◆ **STORED DATA**:
[Start of Attachment]

lemma upper_cell_Un_Int_less:
  assumes "upper_cell L v C" "A \<in> C" "A \<union> B \<in> C" "A \<inter> B \<in> C" "B \<in> genotypes L" "B \<notin> C"
  shows "v A + v B < v (A \<union> B) + v (A \<inter> B)"
proof -
  obtain a b where below: "\<forall>g\<in>genotypes L. v g \<le> aff L a b g"
    and cell: "C = {g \<in> genotypes L. v g = aff L a b g}"
    using assms(1) unfolding upper_cell_def by blast
  have "v B < aff L a b B"
    using below cell assms(5,6) by force
  moreover have "v A = aff L a b A" "v (A \<union> B) = aff L a b (A \<union> B)" "v (A \<inter> B) = aff L a b (A \<inter> B)"
    using cell assms(2-4) by auto
  ultimately show ?thesis
    using aff_Un_Int[of L a b A B] by linarith
qed

lemma genotypes_finite: "finite (genotypes L)"
  by (simp add: genotypes_def finite_Collect_subsets)

lemma sym_diff_cube_sym:
  assumes "inj_on \<sigma> {..<L}" "X \<subseteq> {..<L}" "Y \<subseteq> {..<L}"
  shows "(cube_sym \<sigma> F X - cube_sym \<sigma> F Y) \<union> (cube_sym \<sigma> F Y - cube_sym \<sigma> F X)
    = \<sigma> ` ((X - Y) \<union> (Y - X))"
proof -
  have "\<sigma> ` X - \<sigma> ` Y = \<sigma> ` (X - Y)" "\<sigma> ` Y - \<sigma> ` X = \<sigma> ` (Y - X)"
    using assms by (metis Diff_subset inj_on_image_set_diff order_trans)+
  then show ?thesis
    unfolding cube_sym_def image_Un by blast
qed

lemma bij_betw_cube_sym:
  assumes "bij_betw \<sigma> {..<L} {..<L}" "F \<subseteq> {..<L}"
  shows "bij_betw (cube_sym \<sigma> F) (genotypes L) (genotypes L)"
proof -
  have into: "cube_sym \<sigma> F ` genotypes L \<subseteq> genotypes L"
    using assms unfolding genotypes_def cube_sym_def bij_betw_def by auto
  have "inj_on (cube_sym \<sigma> F) (genotypes L)"
  proof (rule inj_onI)
    fix X Y assume "X \<in> genotypes L" "Y \<in> genotypes L" "cube_sym \<sigma> F X = cube_sym \<sigma> F Y"
    then have "\<sigma> ` ((X - Y) \<union> (Y - X)) = {}"
      using sym_diff_cube_sym[of \<sigma> L X Y F] assms(1) by (simp add: bij_betw_def genotypes_def)
    then show "X = Y"
      by blast
  qed
  with into show ?thesis
    by (simp add: bij_betw_def endo_inj_surj genotypes_finite)
qed

lemma hamming_neighbour_cube_sym:
  assumes "bij_betw \<sigma> {..<L} {..<L}" "X \<in> genotypes L" "Y \<in> genotypes L"
  shows "hamming_neighbour (cube_sym \<sigma> F X) (cube_sym \<sigma> F Y) \<longleftrightarrow> hamming_neighbour X Y"
proof -
  have "inj_on \<sigma> ((X - Y) \<union> (Y - X))"
    using assms by (auto simp: bij_betw_def genotypes_def intro: inj_on_subset)
  then show ?thesis
    using assms sym_diff_cube_sym[of \<sigma> L X Y F]
    by (simp add: hamming_neighbour_def bij_betw_def genotypes_def card_image)
qed

lemma card_peaks_cube_sym:
  assumes "bij_betw \<sigma> {..<L} {..<L}" "F \<subseteq> {..<L}"
  shows "card {g. peak L w g} = card {X. peak L (w \<circ> cube_sym \<sigma> F) X}"
proof -
  let ?f = "cube_sym \<sigma> F"
  have bij: "bij_betw ?f (genotypes L) (genotypes L)"
    using bij_betw_cube_sym[OF assms] .
  have peak_iff: "peak L (w \<circ> ?f) X \<longleftrightarrow> peak L w (?f X)" if "X \<in> genotypes L" for X
  proof -
    have "(\<forall>Y\<in>genotypes L. hamming_neighbour X Y \<longrightarrow> w (?f Y) < w (?f X))
      \<longleftrightarrow> (\<forall>h\<in>?f ` genotypes L. hamming_neighbour (?f X) h \<longrightarrow> w h < w (?f X))"
      using hamming_neighbour_cube_sym[OF assms(1) that] by auto
    then show ?thesis
      using that bij unfolding peak_def bij_betw_def by auto
  qed
  have "bij_betw ?f {X \<in> genotypes L. peak L (w \<circ> ?f) X} {g \<in> genotypes L. peak L w g}"
    by (intro bij_betw_Collect[OF bij]) (simp add: peak_iff)
  moreover have "{X \<in> genotypes L. peak L v X} = {X. peak L v X}" for v
    by (auto simp: peak_def)
  ultimately have "bij_betw ?f {X. peak L (w \<circ> ?f) X} {g. peak L w g}"
    by simp
  then show ?thesis
    by (simp add: bij_betw_same_card)
qed
(* Let $a,b\in\mathbb{Q}_3$ with $\gamma(a)=0$, $\gamma(b)=m>0$ and $a_0=2$. Then $x=\sum_{k\ge0}x_k3^k\in\mathbb{Z}_3^*$ is a solution of $x^3+ax=b$ if and only if the congruences $$x_0^3+a_0x_0\equiv0\pmod 3,$$ $$x_1a_0+x_0a_1+N_1(x_0)+M_1(x_0)\equiv 0\pmod 3,$$ $$x_ka_0+\dots+x_0a_k+x_0^2x_{k-1}+N_k(x_0,\dots,x_{k-1})+M_k(x_0,\dots,x_{k-1})\equiv0\pmod 3,\quad 2\le k\le m-1,$$ $$x_ka_0+\dots+x_0a_k+x_0^2x_{k-1}+N_k(x_0,\dots,x_{k-1})+M_k(x_0,\dots,x_{k-1})\equiv b_{k-m}\pmod 3,\quad k\ge m,$$ are fulfilled, where the integers $M_k(x_0,\dots,x_{k-1})$ are defined successively by $$x_0^3+2x_0=3M_1(x_0),$$ $$x_1a_0+x_0a_1+N_1(x_0)=-M_1(x_0)+3M_2(x_0,x_1),$$ $$x_ka_0+x_{k-1}a_1+\dots+x_0a_k+x_0^2x_{k-1}+N_k(x_0,\dots,x_{k-1})=-M_k(x_0,\dots,x_{k-1})+3M_{k+1}(x_0,\dots,x_k),\quad 2\le k\le m-1,$$ $$x_ka_0+x_{k-1}a_1+\dots+x_0a_k+x_0^2x_{k-1}+N_k(x_0,\dots,x_{k-1})=b_{k-m}-M_k(x_0,\dots,x_{k-1})+3M_{k+1}(x_0,\dots,x_k),\quad k\ge m.$$
   Context: Write $a=3^{\gamma(a)}(a_0+a_13+a_23^2+\dots)$, $b=3^{\gamma(b)}(b_0+b_13+b_23^2+\dots)$ in canonical form, with digits $a_j,b_j\in\{0,1,2\}$, $a_0,b_0\ne0$, $\gamma(a),\gamma(b)\in\mathbb{Z}$. $\mathbb{Z}_3^*$ is the set of $3$-adic units; $x\in\mathbb{Z}_3^*$ is written $x=x_0+x_13+x_23^2+\dots$ with $x_j\in\{0,1,2\}$, $x_0\ne0$. For $k\ge1$, $N_k(x_0,\dots,x_{k-1})=\sum \frac{3!}{m_0!\cdots m_{k-1}!}x_0^{m_0}\cdots x_{k-1}^{m_{k-1}}$, the sum over nonnegative integers $m_0,\dots,m_{k-1}$ with $\sum_{i=0}^{k-1}m_i=3$ and $\sum_{i=1}^{k-1}im_i=k$; in particular $N_1=0$. *)

theory Defs
  imports Main "HOL-Library.FuncSet" "HOL-Number_Theory.Cong"
begin

text \<open>3-adic numbers are represented by their canonical digit sequences
  (digits in {0,1,2}); an element of Z_3 is d_0 + d_1 3 + d_2 3^2 + ... .\<close>

definition digits3 :: "(nat \<Rightarrow> int) \<Rightarrow> bool" where
  "digits3 d \<longleftrightarrow> (\<forall>k. d k \<in> {0,1,2})"
lemma step_le: "v \<in> nodes m n \<Longrightarrow> step v \<le> n"
  and visits_step [simp]: "v \<in> nodes m n \<Longrightarrow> visits ! step v = v"
proof -
  assume "v \<in> nodes m n"
  then obtain k where "k \<le> n" "visits ! k = v"
    using set_visits by (metis in_set_conv_nth length_ps_order less_Suc_eq_le)
  then show "step v \<le> n" "visits ! step v = v" by auto
qed

lemma step_inj: "v \<in> nodes m n \<Longrightarrow> w \<in> nodes m n \<Longrightarrow> step v = step w \<Longrightarrow> v = w"
  by (metis visits_step)

lemma step_pos: "i \<in> {1..m} \<Longrightarrow> 0 < step (Inl i)"
  by (metis Inl_in_nodes visits_0 visits_step gr0I sum.distinct(1))

lemma mem_take_visits:
  assumes "s \<le> Suc n"
  shows "v \<in> set (take s visits) \<longleftrightarrow> v \<in> nodes m n \<and> step v < s"
proof
  assume "v \<in> set (take s visits)"
  then obtain j where "j < s" "j \<le> n" "visits ! j = v"
    by (auto simp: in_set_conv_nth)
  then show "v \<in> nodes m n \<and> step v < s" using visits_in_nodes by auto
next
  assume v: "v \<in> nodes m n \<and> step v < s"
  then have "take s visits ! step v = v" by simp
  moreover have "step v < length (take s visits)" using v assms step_le by simp
  ultimately show "v \<in> set (take s visits)" by (metis nth_mem)
qed
(* Fix $k>0$ and let $g(x,y)=\frac{e^{ik|x-y|}}{4\pi|x-y|}$ for $x\neq y$ in $\mathbb{R}^3$. For a bounded domain $D\subset\mathbb{R}^3$ set $U_D(x)=\int_{D}g(x,y)\,dy$. Then there exist countably infinitely many pairwise distinct bounded, connected, smooth domains $D_1,D_2,\dots\subset\mathbb{R}^3$ such that for any $i,j$ one has $U_{D_i}(x)=U_{D_j}(x)$ for all $x$ with $|x|>R$, whenever $R>0$ is sufficiently large (depending on $i,j$). *)

theory Defs
  imports "HOL-Analysis.Analysis"
begin

fun Ck_on :: "nat \<Rightarrow> 'a::euclidean_space set \<Rightarrow> ('a \<Rightarrow> real) \<Rightarrow> bool" where
  "Ck_on 0 S f = continuous_on S f"
| "Ck_on (Suc n) S f =
     (\<exists>f'. (\<forall>x\<in>S. (f has_derivative f' x) (at x)) \<and> (\<forall>v. Ck_on n S (\<lambda>x. f' x v)))"

definition smooth_on :: "'a::euclidean_space set \<Rightarrow> ('a \<Rightarrow> real) \<Rightarrow> bool" where
  "smooth_on S f \<longleftrightarrow> (\<forall>n. Ck_on n S f)"

definition smooth_bounded_domain :: "'a::euclidean_space set \<Rightarrow> bool" where
  "smooth_bounded_domain D \<longleftrightarrow>
     open D \<and> bounded D \<and> connected D \<and> D \<noteq> {} \<and>
     (\<forall>p\<in>frontier D. \<exists>V \<phi>. open V \<and> p \<in> V \<and> smooth_on V \<phi> \<and>
        (\<forall>x\<in>V. \<not> (\<phi> has_derivative (\<lambda>h. 0)) (at x)) \<and>
        D \<inter> V = {x\<in>V. \<phi> x < 0})"
lemma cinner_diff_right: "cinner w (\<lambda>i. u i - v i) = cinner w u - cinner w v"
  unfolding cinner_def by (simp add: right_diff_distrib sum_subtractf)

lemma cinner_scale_left: "cinner (\<lambda>i. c * v i) w = cnj c * cinner v w"
  unfolding cinner_def by (simp add: sum_distrib_left mult_ac)

lemma cinner_scale_right: "cinner w (\<lambda>i. c * v i) = c * cinner w v"
  unfolding cinner_def by (simp add: sum_distrib_left mult_ac)

lemma cinner_sum_left:
  "cinner (\<lambda>i. \<Sum>a\<in>A. c a * w a i) u = (\<Sum>a\<in>A. cnj (c a) * cinner (w a) u)"
  unfolding cinner_def by (simp add: sum_distrib_left sum_distrib_right mult_ac sum.swap[of _ A])

lemma cinner_sum_right:
  "cinner u (\<lambda>i. \<Sum>a\<in>A. c a * w a i) = (\<Sum>a\<in>A. c a * cinner u (w a))"
  unfolding cinner_def by (simp add: sum_distrib_left sum_distrib_right mult_ac sum.swap[of _ A])

lemma cinner_basis_vec_left: "k \<in> I \<Longrightarrow> cinner (basis_vec k) v = v k"
  by (simp add: cinner_def basis_vec_def if_distrib[of cnj] if_distrib[of "\<lambda>x. x * _"] cong: if_cong)

lemma cinner_basis_vec_right: "k \<in> I \<Longrightarrow> cinner v (basis_vec k) = cnj (v k)"
  by (simp add: cinner_def basis_vec_def if_distrib cong: if_cong)

lemma mat_vec_cong:
  "(\<And>j. j \<in> I \<Longrightarrow> X i j = Y i j) \<Longrightarrow> (\<And>j. j \<in> I \<Longrightarrow> v j = w j) \<Longrightarrow>
   mat_vec X v i = mat_vec Y w i"
  unfolding mat_vec_def by (rule sum.cong) auto

lemma qform_cong:
  "(\<And>i j. i \<in> I \<Longrightarrow> j \<in> I \<Longrightarrow> X i j = Y i j) \<Longrightarrow> (\<And>i. i \<in> I \<Longrightarrow> v i = w i) \<Longrightarrow>
   qform X v = qform Y w"
  unfolding qform_def by (rule cinner_cong) (auto intro: mat_vec_cong)

lemma mat_vec_add: "mat_vec H (\<lambda>i. u i + v i) = (\<lambda>i. mat_vec H u i + mat_vec H v i)"
  unfolding mat_vec_def by (simp add: distrib_left sum.distrib)

lemma mat_vec_scale: "mat_vec H (\<lambda>i. c * v i) = (\<lambda>i. c * mat_vec H v i)"
  unfolding mat_vec_def by (simp add: sum_distrib_left mult_ac)

lemma mat_vec_basis_vec: "k \<in> I \<Longrightarrow> mat_vec H (basis_vec k) i = H i k"
  by (simp add: mat_vec_def basis_vec_def if_distrib cong: if_cong)

lemma qform_add_matrix: "qform (\<lambda>i j. X i j + Y i j) v = qform X v + qform Y v"
proof -
  have "mat_vec (\<lambda>i j. X i j + Y i j) v = (\<lambda>i. mat_vec X v i + mat_vec Y v i)"
    unfolding mat_vec_def by (simp add: distrib_right sum.distrib)
  then show ?thesis
    unfolding qform_def by (simp add: cinner_add_right)
qed

lemma qform_neg_matrix: "qform (\<lambda>i j. - X i j) v = - qform X v"
  unfolding qform_def mat_vec_def cinner_def by (simp add: sum_negf)

lemma qform_scale: "qform H (\<lambda>i. c * v i) = cnj c * c * qform H v"
  unfolding qform_def mat_vec_scale cinner_scale_left cinner_scale_right by simp

lemma qform_add_scale:
  "qform H (\<lambda>i. v i + c * w i) =
     qform H v + c * cinner v (mat_vec H w) + cnj c * cinner w (mat_vec H v) + cnj c * c * qform H w"
  unfolding qform_def mat_vec_add mat_vec_scale cinner_add_left cinner_add_right
    cinner_scale_left cinner_scale_right
  by (simp add: algebra_simps)

lemma hermitianI: "(\<And>i j. i \<in> I \<Longrightarrow> j \<in> I \<Longrightarrow> H j i = cnj (H i j)) \<Longrightarrow> hermitian H"
  unfolding hermitian_def by blast

lemma hermitianD: "hermitian H \<Longrightarrow> i \<in> I \<Longrightarrow> j \<in> I \<Longrightarrow> cnj (H i j) = H j i"
  unfolding hermitian_def by metis

lemma hermitian_cinner_mat_vec:
  assumes "hermitian H"
  shows "cinner u (mat_vec H v) = cinner (mat_vec H u) v"
proof -
  have "cinner u (mat_vec H v) = (\<Sum>i\<in>I. \<Sum>j\<in>I. cnj (u i) * (H i j * v j))"
    unfolding cinner_def mat_vec_def by (simp add: sum_distrib_left)
  also have "\<dots> = (\<Sum>j\<in>I. \<Sum>i\<in>I. cnj (u i) * (H i j * v j))"
    by (rule sum.swap)
  also have "\<dots> = (\<Sum>j\<in>I. \<Sum>i\<in>I. cnj (H j i * u i) * v j)"
    by (intro sum.cong refl) (simp add: hermitianD[OF assms])
  also have "\<dots> = cinner (mat_vec H u) v"
    unfolding cinner_def mat_vec_def by (simp add: sum_distrib_right)
  finally show ?thesis .
qed

lemma hermitian_qform_real:
  assumes "hermitian H"
  shows "qform H v = of_real (Re (qform H v))"
proof -
  have "cnj (qform H v) = qform H v"
    unfolding qform_def cnj_cinner hermitian_cinner_mat_vec[OF assms] ..
  then show ?thesis
    by (metis Reals_cnj_iff complex_is_Real_iff of_real_Re)
qed

lemma cinner_eigvec_right: "eigvec H l v \<Longrightarrow> cinner u (mat_vec H v) = of_real l * cinner u v"
  unfolding eigvec_def cinner_def by (simp add: sum_distrib_left mult_ac)

lemma eigvec_orthogonal:
  assumes "hermitian H" "eigvec H l u" "eigvec H m v" "l \<noteq> m"
  shows "cinner u v = 0"
proof -
  have "of_real m * cinner u v = cinner u (mat_vec H v)"
    using cinner_eigvec_right[OF assms(3)] ..
  also have "\<dots> = cnj (cinner v (mat_vec H u))"
    by (simp add: hermitian_cinner_mat_vec[OF assms(1)] cnj_cinner)
  also have "\<dots> = of_real l * cinner u v"
    by (simp add: cinner_eigvec_right[OF assms(2)] cnj_cinner)
  finally show ?thesis
    using assms(4) by simp
qed

lemma bessel_inequality:
  assumes "orthonormal L"
  shows "(\<Sum>a<length L. (cmod (cinner (L!a) x))\<^sup>2) \<le> Re (cinner x x)"
proof -
  define c where "c a = cinner (L!a) x" for a
  define s where "s = (\<lambda>i. \<Sum>a<length L. c a * (L!a) i)"
  define N where "N = (\<Sum>a<length L. cnj (c a) * c a)"
  have on: "\<And>a b. a < length L \<Longrightarrow> b < length L \<Longrightarrow> cinner (L!a) (L!b) = (if a = b then 1 else 0)"
    using assms unfolding orthonormal_def by blast
  have xs: "cinner x s = N"
    unfolding s_def cinner_sum_right N_def c_def by (simp add: cnj_cinner mult.commute)
  have sx: "cinner s x = N"
    unfolding s_def cinner_sum_left N_def c_def ..
  have "cinner s s = (\<Sum>a<length L. cnj (c a) * (\<Sum>b<length L. c b * cinner (L!a) (L!b)))"
    unfolding s_def cinner_sum_left cinner_sum_right ..
  also have "\<dots> = N"
    unfolding N_def by (intro sum.cong refl) (simp add: on if_distrib cong: if_cong)
  finally have ss: "cinner s s = N" .
  have "cinner (\<lambda>i. x i - s i) (\<lambda>i. x i - s i) = cinner x x - N"
    unfolding cinner_diff_left cinner_diff_right xs sx ss by simp
  moreover have "Re N = (\<Sum>a<length L. (cmod (c a))\<^sup>2)"
    unfolding N_def by (simp add: mult.commute complex_mult_cnj cmod_power2)
  ultimately show ?thesis
    using cinner_self_nonneg[of "\<lambda>i. x i - s i"] unfolding c_def by simp
qed

lemma orthonormal_length_le:
  assumes "orthonormal L"
  shows "length L \<le> card I"
proof -
  have unit: "(\<Sum>k\<in>I. (cmod ((L!a) k))\<^sup>2) = 1" if "a < length L" for a
    using assms that Re_cinner_self[of "L!a"] unfolding orthonormal_def by auto
  have "real (length L) = (\<Sum>a<length L. \<Sum>k\<in>I. (cmod ((L!a) k))\<^sup>2)"
    by (simp add: unit)
  also have "\<dots> = (\<Sum>k\<in>I. \<Sum>a<length L. (cmod (cinner (L!a) (basis_vec k)))\<^sup>2)"
    by (subst sum.swap) (simp add: cinner_basis_vec_right)
  also have "\<dots> \<le> (\<Sum>k\<in>I. Re (cinner (basis_vec k) (basis_vec k)))"
    by (intro sum_mono bessel_inequality[OF assms])
  also have "\<dots> = real (card I)"
    by (simp add: cinner_basis_vec_left)
  finally show ?thesis by simp
qed

lemma orthonormal_Cons:
  assumes "orthonormal L" "cinner v v = 1" "\<And>w. w \<in> set L \<Longrightarrow> cinner v w = 0"
  shows "orthonormal (v # L)"
  unfolding orthonormal_def
proof (intro allI impI)
  fix a b assume ab: "a < length (v # L)" "b < length (v # L)"
  have "cinner w v = 0" if "w \<in> set L" for w
    using assms(3)[OF that] cnj_cinner[of v w] by simp
  with assms ab show "cinner ((v # L) ! a) ((v # L) ! b) = (if a = b then 1 else 0)"
    unfolding orthonormal_def by (cases a; cases b) auto
qed

lemma hermitian_eq_0_if_qform_eq_0:
  assumes "hermitian H" "\<And>v. qform H v = 0" "i \<in> I" "j \<in> I"
  shows "H i j = 0"
proof -
  have diag: "H k k = 0" if "k \<in> I" for k
    using assms(2)[of "basis_vec k"] that
    by (simp add: qform_def cinner_basis_vec_left mat_vec_basis_vec)
  have expand: "qform H (\<lambda>k. basis_vec i k + c * basis_vec j k) = c * H i j + cnj c * H j i" for c
    using assms(3,4) diag
    by (simp add: qform_add_scale qform_def cinner_basis_vec_left mat_vec_basis_vec)
  have "H i j + H j i = 0" "\<i> * H i j - \<i> * H j i = 0"
    using expand[of 1] expand[of \<i>] assms(2) by simp_all
  then have "H i j - H j i = 0"
    by (simp add: right_diff_distrib[symmetric])
  with \<open>H i j + H j i = 0\<close> show ?thesis
    by (simp add: eq_neg_iff_add_eq_0[symmetric])
qed
definition Rcl :: "'a::real_vector topology \<Rightarrow> ('a \<times> ('a \<Rightarrow> real) \<Rightarrow> ereal) set" where
  "Rcl tau = {h. proper_Z tau h \<and> convex_Z tau h \<and> lsc_Z tau h
               \<and> (\<forall>z\<in>Zspace tau. ereal (cpl z) \<le> h z)}"

text \<open>Operators X \<rightrightarrows> X* are identified with their graphs (subsets of Z).\<close>
type_synonym 'a op = "('a \<times> ('a \<Rightarrow> real)) set"

definition operator :: "'a::real_vector topology \<Rightarrow> 'a op \<Rightarrow> bool" where
  "operator tau T \<longleftrightarrow> T \<subseteq> Zspace tau"

definition dom_op :: "'a op \<Rightarrow> 'a set" where
  "dom_op T = fst ` T"

definition restr :: "'a op \<Rightarrow> 'a set \<Rightarrow> 'a op" where
  "restr T V = T \<inter> (V \<times> UNIV)"

definition monotone_op :: "'a::real_vector op \<Rightarrow> bool" where
  "monotone_op T \<longleftrightarrow> T \<noteq> {} \<and>
     (\<forall>(x, f)\<in>T. \<forall>(y, g)\<in>T. 0 \<le> (f x - g x) - (f y - g y))"

definition psi :: "'a::real_vector topology \<Rightarrow> 'a op \<Rightarrow> ('a \<times> ('a \<Rightarrow> real) \<Rightarrow> ereal)" where
  "psi tau T z = Sup {g z | g. convex_Z tau g \<and> lsc_Z tau g \<and>
      (\<forall>w\<in>Zspace tau. g w \<le> (if w \<in> T then ereal (cpl w) else \<infinity>))}"

definition eqc :: "'a::real_vector topology \<Rightarrow> ('a \<times> ('a \<Rightarrow> real) \<Rightarrow> ereal) \<Rightarrow> 'a op" where
  "eqc tau h = {z \<in> Zspace tau. h z = ereal (cpl z)}"

definition V_representative :: "'a::real_vector topology \<Rightarrow> 'a set \<Rightarrow> 'a op \<Rightarrow> ('a \<times> ('a \<Rightarrow> real) \<Rightarrow> ereal) \<Rightarrow> bool" where
  "V_representative tau V T h \<longleftrightarrow> h \<in> Rcl tau \<and> eqc tau h \<inter> (V \<times> UNIV) = restr T V"

definition V_representable :: "'a::real_vector topology \<Rightarrow> 'a set \<Rightarrow> 'a op \<Rightarrow> bool" where
  "V_representable tau V T \<longleftrightarrow> V \<inter> dom_op T \<noteq> {} \<and> (\<exists>h. V_representative tau V T h)"

end

theory Submission
  imports Defs
begin

text \<open>For a monotone graph S, psi S \<ge> c: at a point z either z is monotonically related to
  all of S, and the linearization of c at z is an lsc convex minorant of c + \<iota>(S) touching c
  at z, or some v \<in> S has \<langle>z - v, z* - v*\<rangle> < 0, and then the linearization of c at v is
  such a minorant lying strictly above c at z. A V-representative h of T lies below
  psi (T|V) by maximality, so psi (T|V) inherits h \<ge> c and touches c on V \<times> X* only where h
  does; the touching set of any convex h \<ge> c is monotone, which gives (iv) \<Rightarrow> (iii).\<close>

lemma topspace_Ztop: "lcs tau \<Longrightarrow> topspace (Ztop tau) = Zspace tau"
  by (simp add: lcs_def Ztop_def Zspace_def wstar_def)

lemma dual_convex_comb:
  assumes "f \<in> dual tau" "g \<in> dual tau"
  shows "(\<lambda>y. t * f y + (1 - t) * g y) \<in> dual tau"
proof -
  have "linear f" "linear g" using assms by (auto simp: dual_def)
  hence "linear (\<lambda>y. t * f y + (1 - t) * g y)"
    unfolding linear_iff
    by (simp add: linear_add linear_scale distrib_left mult.left_commute)
  moreover have "continuous_map tau euclideanreal (\<lambda>y. t * f y + (1 - t) * g y)"
    using assms by (auto simp: dual_def intro!: continuous_intros)
  ultimately show ?thesis by (simp add: dual_def)
qed

lemma zcomb_in_Zspace:
  assumes "z \<in> Zspace tau" "w \<in> Zspace tau"
  shows "zcomb t z w \<in> Zspace tau"
  using assms dual_convex_comb[of "snd z" tau "snd w" t] by (auto simp: Zspace_def zcomb_def)

lemma continuous_map_Ztop_eval:
  assumes "lcs tau" "g \<in> dual tau"
  shows "continuous_map (Ztop tau) euclideanreal (\<lambda>z. g (fst z) + snd z y - g y)"
proof -
  have "continuous_map tau euclideanreal g" using assms by (simp add: dual_def)
  hence fst: "continuous_map (Ztop tau) euclideanreal (\<lambda>z. g (fst z))"
    using continuous_map_compose[OF continuous_map_fst] unfolding Ztop_def by (simp add: o_def)
  have "continuous_map (wstar tau) euclideanreal (\<lambda>f. f y)"
    unfolding wstar_def
    by (rule continuous_map_from_subtopology) (rule continuous_map_product_projection, simp)
  hence snd: "continuous_map (Ztop tau) euclideanreal (\<lambda>z. snd z y)"
    using continuous_map_compose[OF continuous_map_snd] unfolding Ztop_def by (simp add: o_def)
  show ?thesis using fst snd by (intro continuous_intros)
qed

[End of Attachment]

◆ **ACTION ITEM**: For the word "circ", find all matching lines in the entries above and copy them out.

◆ **SOLUTION TO THIS EXERCISE**:
  shows "card {g. peak L w g} = card {X. peak L (w \<circ> cube_sym \<sigma> F) X}"
  have peak_iff: "peak L (w \<circ> ?f) X \<longleftrightarrow> peak L w (?f X)" if "X \<in> genotypes L" for X
  have "bij_betw ?f {X \<in> genotypes L. peak L (w \<circ> ?f) X} {g \<in> genotypes L. peak L w g}"
  ultimately have "bij_betw ?f {X. peak L (w \<circ> ?f) X} {g. peak L w g}"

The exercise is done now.